**WHAT TO DO**
Every line from the top of the material through the line holding "s \<and> pick" should be copied exactly, and only those lines.

**EXCERPTED DATA**
★ ★ ★ ★ ★ ★ ★

(* In the weighted picking sequence algorithm, for every step $s\in\{0,1,\ldots,m\}$ and all agents $i,j\in N$, $\left|\frac{t_i(s)}{w_i}-\frac{t_j(s)}{w_j}\right|\le\frac{1}{\min(w_i,w_j)}$. Moreover, for every step $s$ and every $i\in N$, $\left|t_i(s)-\frac{w_i}{W}\cdot s\right|\le\frac{w_i}{w_{\min}}$.
   Context: Agents $N=[n]$ with positive weights $w_i$, $W=\sum_iw_i$, $w_{\min}=\min_iw_i$; items $M=[m]$ with additive utilities. Weighted picking sequence algorithm: while items remain, an agent $i^*$ minimizing $t_i/w_i$ (ties broken arbitrarily), where $t_i$ is the number of items $i$ has picked so far, takes her most valued remaining item. Each iteration is a step; $t_i(s)$ is the number of items agent $i$ has picked in steps $1,\ldots,s$ (so $t_i(0)=0$). *)

theory Defs
  imports Complex_Main
begin

text \<open>Number of items picked by agent i in steps 1..s, where agent pick k picks at step k+1.\<close>
definition picks :: "(nat \<Rightarrow> 'a) \<Rightarrow> 'a \<Rightarrow> nat \<Rightarrow> nat" where
  "picks pick i s = card {k. k < s \<and> pick k = i}"

text \<open>A run of the weighted picking sequence algorithm: at step k+1 (k < card M) agent pick k,
  minimising t_i/w_i over N (ties arbitrary), takes item k, a most valued remaining item.\<close>
definition wps_run :: "'a set \<Rightarrow> ('a \<Rightarrow> real) \<Rightarrow> 'b set \<Rightarrow> ('a \<Rightarrow> 'b \<Rightarrow> real)
    \<Rightarrow> (nat \<Rightarrow> 'a) \<Rightarrow> (nat \<Rightarrow> 'b) \<Rightarrow> bool" where
  "wps_run N w M u pick item \<longleftrightarrow>
     (\<forall>k < card M.
        pick k \<in> N \<and>
        (\<forall>i\<in>N. real (picks pick (pick k) k) / w (pick k) \<le> real (picks pick i k) / w i) \<and>
        item k \<in> M - item ` {..<k} \<and>
        (\<forall>g \<in> M - item ` {..<k}. u (pick k) g \<le> u (pick k) (item k)))"

end

theory Submission
  imports Defs
begin

text \<open>Only the choice of the picking agent matters. If every turn goes to an agent minimising
  \<open>t\<^sub>i/w\<^sub>i\<close>, then \<open>t\<^sub>i/w\<^sub>i - t\<^sub>j/w\<^sub>j \<le> 1/w\<^sub>i\<close>
  is invariant: the difference grows only when \<open>i\<close> picks, and then
  \<open>t\<^sub>i/w\<^sub>i \<le> t\<^sub>j/w\<^sub>j\<close> just before. The second bound follows by
  averaging, since \<open>t\<^sub>i W - w\<^sub>i s\<close> is the sum over \<open>j\<close> of
  \<open>w\<^sub>i w\<^sub>j (t\<^sub>i/w\<^sub>i - t\<^sub>j/w\<^sub>j)\<close>.\<close>

definition min_ratio_turns :: "'a set \<Rightarrow> ('a \<Rightarrow> real) \<Rightarrow> (nat \<Rightarrow> 'a) \<Rightarrow> nat \<Rightarrow> bool" where
  "min_ratio_turns N w pick n \<longleftrightarrow>
     (\<forall>k < n. pick k \<in> N \<and>
        (\<forall>i\<in>N. real (picks pick (pick k) k) / w (pick k) \<le> real (picks pick i k) / w i))"

lemma wps_run_imp_min_ratio_turns:
  "wps_run N w M u pick item \<Longrightarrow> min_ratio_turns N w pick (card M)"
  unfolding wps_run_def min_ratio_turns_def by blast

lemma picks_0 [simp]: "picks pick i 0 = 0"
  by (simp add: picks_def)

lemma picks_Suc: "picks pick i (Suc k) = picks pick i k + (if pick k = i then 1 else 0)"
proof -
  have "{l. l < Suc k \<and> pick l = i} = {l. l < k \<and> pick l = i} \<union> (if pick k = i then {k} else {})"
    by (auto simp: less_Suc_eq)
  then show ?thesis
    by (simp add: picks_def card_insert_if)
qed

lemma sum_picks:
  assumes "finite N" and "\<And>k. k < s \<Longrightarrow> pick k \<in> N"
  shows "(\<Sum>j\<in>N. picks pick j s) = s"
  using assms(2)
proof (induction s)
  case (Suc k)
  then have "pick k \<in> N" by simp
  with Suc \<open>finite N\<close> show ?case
    by (simp add: picks_Suc sum.distrib)
qed simp

lemma min_ratio_turns_ratio_gap:
  assumes turns: "min_ratio_turns N w pick n" and pos: "\<And>j. j \<in> N \<Longrightarrow> w j > 0"
    and "s \<le> n" and i: "i \<in> N" and j: "j \<in> N"
  shows "real (picks pick i s) / w i - real (picks pick j s) / w j \<le> 1 / w i"
  using \<open>s \<le> n\<close>
proof (induction s)
  case 0
  show ?case using pos[OF i] by simp
next
  case (Suc k)
  let ?r = "\<lambda>l m. real (picks pick l m) / w l"
  have IH: "?r i k - ?r j k \<le> 1 / w i" using Suc by simp
  have min_i: "pick k = i \<Longrightarrow> ?r i k \<le> ?r j k"
    using turns Suc.prems j unfolding min_ratio_turns_def by auto
  have step_picker: "?r (pick k) (Suc k) = ?r (pick k) k + 1 / w (pick k)"
    by (simp add: picks_Suc add_divide_distrib)
  have step_other: "?r l (Suc k) = ?r l k" if "pick k \<noteq> l" for l
    using that by (simp add: picks_Suc)
  have step_mono: "?r j k \<le> ?r j (Suc k)"
    using pos[OF j] by (simp add: picks_Suc divide_right_mono)
  consider "i = j" | "i \<noteq> j" "pick k = i" | "pick k \<noteq> i" by blast
  then show ?case
  proof cases
    case 1
    then show ?thesis using pos[OF i] by simp
  next
    case 2
    then have "?r i (Suc k) = ?r i k + 1 / w i"
      using step_picker by simp
    moreover have "?r j (Suc k) = ?r j k"
      using 2 by (intro step_other) simp
    ultimately show ?thesis using 2 min_i by linarith
  next
    case 3
    then have "?r i (Suc k) = ?r i k"
      by (intro step_other)
    with IH step_mono show ?thesis by linarith
  qed
qed

lemma min_ratio_turns_ratio_dist:
  assumes "min_ratio_turns N w pick n" and "\<And>j. j \<in> N \<Longrightarrow> w j > 0"
    and "s \<le> n" and i: "i \<in> N" and j: "j \<in> N"
  shows "\<bar>real (picks pick i s) / w i - real (picks pick j s) / w j\<bar> \<le> 1 / min (w i) (w j)"
proof -
  have "1 / w i \<le> 1 / min (w i) (w j)" "1 / w j \<le> 1 / min (w i) (w j)"
    using assms(2)[OF i] assms(2)[OF j] by (auto simp: frac_le min_def)
  then show ?thesis
    using min_ratio_turns_ratio_gap[OF assms(1-3) i j] min_ratio_turns_ratio_gap[OF assms(1-3) j i]
    by linarith
qed

lemma weighted_share_deviation:
  fixes t w :: "'a \<Rightarrow> real"
  assumes "finite N" and i: "i \<in> N" and pos: "\<And>j. j \<in> N \<Longrightarrow> w j > 0"
    and dist: "\<And>j. j \<in> N \<Longrightarrow> \<bar>t i / w i - t j / w j\<bar> \<le> c"
  shows "\<bar>t i - w i / (\<Sum>j\<in>N. w j) * (\<Sum>j\<in>N. t j)\<bar> \<le> w i * c"
proof -
  define W where "W = (\<Sum>j\<in>N. w j)"
  have "W > 0"
    unfolding W_def using assms by (intro sum_pos) auto
  have "w i * w j * (t i / w i - t j / w j) = t i * w j - w i * t j" if "j \<in> N" for j
    using pos[OF i] pos[OF that] by (simp add: field_simps)
  then have "t i * W - w i * (\<Sum>j\<in>N. t j) = (\<Sum>j\<in>N. w i * w j * (t i / w i - t j / w j))"
    unfolding W_def by (simp add: sum_distrib_left sum_subtractf)
  also have "\<bar>\<dots>\<bar> \<le> (\<Sum>j\<in>N. w i * w j * c)"
  proof (rule order_trans[OF sum_abs sum_mono])
    fix j assume "j \<in> N"
    then show "\<bar>w i * w j * (t i / w i - t j / w j)\<bar> \<le> w i * w j * c"
      using pos[OF i] pos[of j] dist[of j] by (simp add: abs_mult)
  qed
  also have "\<dots> = w i * c * W"
    unfolding W_def by (simp add: sum_distrib_left sum_distrib_right algebra_simps)
  finally have "\<bar>t i * W - w i * (\<Sum>j\<in>N. t j)\<bar> / W \<le> w i * c"
    using \<open>W > 0\<close> by (simp add: divide_le_eq)
  moreover have "t i - w i / W * (\<Sum>j\<in>N. t j) = (t i * W - w i * (\<Sum>j\<in>N. t j)) / W"
    using \<open>W > 0\<close> by (simp add: field_simps)
  ultimately show ?thesis
    using \<open>W > 0\<close> unfolding W_def by simp
qed

lemma one_div_min_le_one_div_Min:
  fixes w :: "'a \<Rightarrow> real"
  assumes "finite N" and "\<And>j. j \<in> N \<Longrightarrow> w j > 0" and "i \<in> N" and "j \<in> N"
  shows "1 / min (w i) (w j) \<le> 1 / Min (w ` N)"
proof -
  have "Min (w ` N) > 0"
    using assms by (subst Min_gr_iff) auto
  moreover have "Min (w ` N) \<le> min (w i) (w j)"
    using assms by auto
  ultimately show ?thesis
    by (simp add: frac_le)
qed

theorem lemma8:
  fixes N :: "'a set" and M :: "'b set" and w :: "'a \<Rightarrow> real"
    and u :: "'a \<Rightarrow> 'b \<Rightarrow> real" and pick :: "nat \<Rightarrow> 'a" and item :: "nat \<Rightarrow> 'b"
  assumes "finite N" and "N \<noteq> {}" and "\<And>i. i \<in> N \<Longrightarrow> w i > 0"
    and "finite M"
    and "wps_run N w M u pick item"
  shows "(\<forall>s \<le> card M. \<forall>i\<in>N. \<forall>j\<in>N.
            \<bar>real (picks pick i s) / w i - real (picks pick j s) / w j\<bar> \<le> 1 / min (w i) (w j))
       \<and> (\<forall>s \<le> card M. \<forall>i\<in>N.
            \<bar>real (picks pick i s) - w i / (\<Sum>j\<in>N. w j) * real s\<bar> \<le> w i / Min (w ` N))"
proof -
  have turns: "min_ratio_turns N w pick (card M)"
    using assms(5) by (rule wps_run_imp_min_ratio_turns)
  have dist: "\<bar>real (picks pick i s) / w i - real (picks pick j s) / w j\<bar> \<le> 1 / min (w i) (w j)"
    if "s \<le> card M" and "i \<in> N" and "j \<in> N" for s i j
    using min_ratio_turns_ratio_dist[OF turns] assms(3) that by blast
  have "\<bar>real (picks pick i s) - w i / (\<Sum>j\<in>N. w j) * real s\<bar> \<le> w i / Min (w ` N)"
    if "s \<le> card M" and "i \<in> N" for s i
  proof -
    have "(\<Sum>j\<in>N. real (picks pick j s)) = real s"
      using sum_picks[OF assms(1)] turns \<open>s \<le> card M\<close> unfolding min_ratio_turns_def
      by (metis of_nat_sum order_less_le_trans)
    moreover have "\<bar>real (picks pick i s) / w i - real (picks pick j s) / w j\<bar> \<le> 1 / Min (w ` N)"
      if "j \<in> N" for j
      using dist[OF \<open>s \<le> card M\<close> \<open>i \<in> N\<close> that]
        one_div_min_le_one_div_Min[where w = w, OF assms(1,3) \<open>i \<in> N\<close> that] by linarith
    ultimately show ?thesis
      using weighted_share_deviation[OF assms(1) \<open>i \<in> N\<close> assms(3)] by fastforce
  qed
  with dist show ?thesis by blast
qed

end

★ ★ ★ ★ ★ ★ ★

**EXERCISE ANSWER**
(* In the weighted picking sequence algorithm, for every step $s\in\{0,1,\ldots,m\}$ and all agents $i,j\in N$, $\left|\frac{t_i(s)}{w_i}-\frac{t_j(s)}{w_j}\right|\le\frac{1}{\min(w_i,w_j)}$. Moreover, for every step $s$ and every $i\in N$, $\left|t_i(s)-\frac{w_i}{W}\cdot s\right|\le\frac{w_i}{w_{\min}}$.
   Context: Agents $N=[n]$ with positive weights $w_i$, $W=\sum_iw_i$, $w_{\min}=\min_iw_i$; items $M=[m]$ with additive utilities. Weighted picking sequence algorithm: while items remain, an agent $i^*$ minimizing $t_i/w_i$ (ties broken arbitrarily), where $t_i$ is the number of items $i$ has picked so far, takes her most valued remaining item. Each iteration is a step; $t_i(s)$ is the number of items agent $i$ has picked in steps $1,\ldots,s$ (so $t_i(0)=0$). *)

theory Defs
  imports Complex_Main
begin

text \<open>Number of items picked by agent i in steps 1..s, where agent pick k picks at step k+1.\<close>
definition picks :: "(nat \<Rightarrow> 'a) \<Rightarrow> 'a \<Rightarrow> nat \<Rightarrow> nat" where
  "picks pick i s = card {k. k < s \<and> pick k = i}"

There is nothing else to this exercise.